EXAONE-Deep-7.8B
Property | Value |
---|---|
Parameter Count | 7.8B (6.98B without embeddings) |
Context Length | 32,768 tokens |
Architecture | 32 layers, GQA with 32 Q-heads and 8 KV-heads |
License | EXAONE AI Model License Agreement 1.1 - NC |
Vocabulary Size | 102,400 |
What is EXAONE-Deep-7.8B?
EXAONE-Deep-7.8B is an advanced language model developed by LG AI Research, specifically designed to excel in reasoning tasks including mathematics and coding. The model represents a significant achievement in balancing size and performance, outperforming both open-weight models of comparable scale and proprietary models like OpenAI's o1-mini.
Implementation Details
The model implements a sophisticated architecture featuring 32 layers with Grouped-Query Attention (GQA), utilizing 32 query heads and 8 key-value heads. With a context length of 32,768 tokens and a vocabulary size of 102,400, it offers robust capabilities for handling complex tasks.

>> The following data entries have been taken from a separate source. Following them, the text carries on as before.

(* Let $\mathsf{X}$ be a small category and let $T:\mathbb{R}_{\ge 0}\to\mathsf{End}(\mathsf{X})$ be a strict monoidal functor, where $\mathbb{R}_{\ge0}$ is the poset category of nonnegative reals (a unique morphism $s\to t$ iff $s\le t$) with monoidal structure given by addition. Let $\mathrm{W}(t)=t$. Then for all $X,Y\in\mathsf{X}_0$, the flow interleaving distance $d^{\mathrm{Fl}}_T(X,Y)$ equals the $\mathbb{R}_{\ge0}$-interleaving distance $d_{T,\mathrm{W}}(X,Y)$.
   Context: $\mathsf{End}(\mathsf{X})$ is the strict monoidal category of endofunctors of $\mathsf{X}$ and natural transformations (tensor = composition / horizontal composition). Write $T_t=T(t)$ and $T(s\le t):T_s\Rightarrow T_t$ for the image of the morphism $s\le t$; strictness means $T_0=1_{\mathsf X}$, $T_{s+t}=T_sT_t$, and $T$ takes sums of morphisms to horizontal composites. A $t$-flow interleaving of $X,Y$ is a pair of morphisms $\phi:X\to T_t(Y)$, $\psi:Y\to T_t(X)$ with $T_t(\psi)\circ\phi=T(0\le 2t)_X$ and $T_t(\phi)\circ\psi=T(0\le 2t)_Y$; $d^{\mathrm{Fl}}_T(X,Y)=\inf\{t\ge0:\text{a } t\text{-flow interleaving exists}\}$. For $s,t\ge0$, $X$ and $Y$ are $(s,t)$-interleaved if there exist $\phi:X\to T_s(Y)$, $\psi:Y\to T_t(X)$ with $T_s(\psi)\circ\phi=T(0\le s+t)_X$ and $T_t(\phi)\circ\psi=T(0\le t+s)_Y$; then $d_{T,\mathrm{W}}(X,Y)=\inf\{\max\{s,t\}: X,Y\ (s,t)\text{-interleaved}\}$. Both infima of the empty set are $\infty$. *)

theory Defs
  imports Complex_Main "HOL-Library.Extended_Real"
begin

definition category ::
  "'o set \<Rightarrow> ('o \<Rightarrow> 'o \<Rightarrow> 'm set) \<Rightarrow> ('m \<Rightarrow> 'm \<Rightarrow> 'm) \<Rightarrow> ('o \<Rightarrow> 'm) \<Rightarrow> bool" where
  "category Ob Hom cmp idm \<longleftrightarrow>
     (\<forall>a b. Hom a b \<noteq> {} \<longrightarrow> a \<in> Ob \<and> b \<in> Ob) \<and>
     (\<forall>a b a' b' f. f \<in> Hom a b \<longrightarrow> f \<in> Hom a' b' \<longrightarrow> a = a' \<and> b = b') \<and>
     (\<forall>a\<in>Ob. idm a \<in> Hom a a) \<and>
     (\<forall>a b c f g. f \<in> Hom a b \<longrightarrow> g \<in> Hom b c \<longrightarrow> cmp g f \<in> Hom a c) \<and>
     (\<forall>a b c d f g h. f \<in> Hom a b \<longrightarrow> g \<in> Hom b c \<longrightarrow> h \<in> Hom c d \<longrightarrow>
         cmp h (cmp g f) = cmp (cmp h g) f) \<and>
     (\<forall>a b f. f \<in> Hom a b \<longrightarrow> cmp (idm b) f = f \<and> cmp f (idm a) = f)"

definition endofunctor ::
  "'o set \<Rightarrow> ('o \<Rightarrow> 'o \<Rightarrow> 'm set) \<Rightarrow> ('m \<Rightarrow> 'm \<Rightarrow> 'm) \<Rightarrow> ('o \<Rightarrow> 'm) \<Rightarrow>
   ('o \<Rightarrow> 'o) \<Rightarrow> ('m \<Rightarrow> 'm) \<Rightarrow> bool" where
  "endofunctor Ob Hom cmp idm F Fm \<longleftrightarrow>
     (\<forall>a\<in>Ob. F a \<in> Ob) \<and>
     (\<forall>a b f. f \<in> Hom a b \<longrightarrow> Fm f \<in> Hom (F a) (F b)) \<and>
     (\<forall>a\<in>Ob. Fm (idm a) = idm (F a)) \<and>
     (\<forall>a b c f g. f \<in> Hom a b \<longrightarrow> g \<in> Hom b c \<longrightarrow> Fm (cmp g f) = cmp (Fm g) (Fm f))"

- Advanced reasoning capabilities optimized for mathematical and coding problems
- Extensive context window supporting long-form reasoning
- Efficient architecture with GQA implementation
- Comprehensive vocabulary for diverse task handling
Core Capabilities
- Achieves 94.8% accuracy on MATH-500 benchmark
- 70.0% pass rate on AIME 2024 with 83.3% consistency
- 89.9% accuracy on CSAT Math 2025
- Strong performance in coding tasks with 55.2% pass rate on Live Code Bench
- Supports various deployment frameworks including TensorRT-LLM, vLLM, and SGLang
Frequently Asked Questions
Q: What makes this model unique?
EXAONE-Deep-7.8B stands out for its exceptional reasoning capabilities despite its moderate size, offering performance that competes with larger models while maintaining efficiency. Its specialized architecture and training make it particularly effective for mathematical and scientific reasoning tasks.
Q: What are the recommended use cases?
The model excels in mathematical problem-solving, coding tasks, and complex reasoning scenarios. It's particularly well-suited for educational applications, technical problem-solving, and situations requiring detailed step-by-step reasoning. The model performs best when prompts include structured reasoning requests and clear instruction patterns.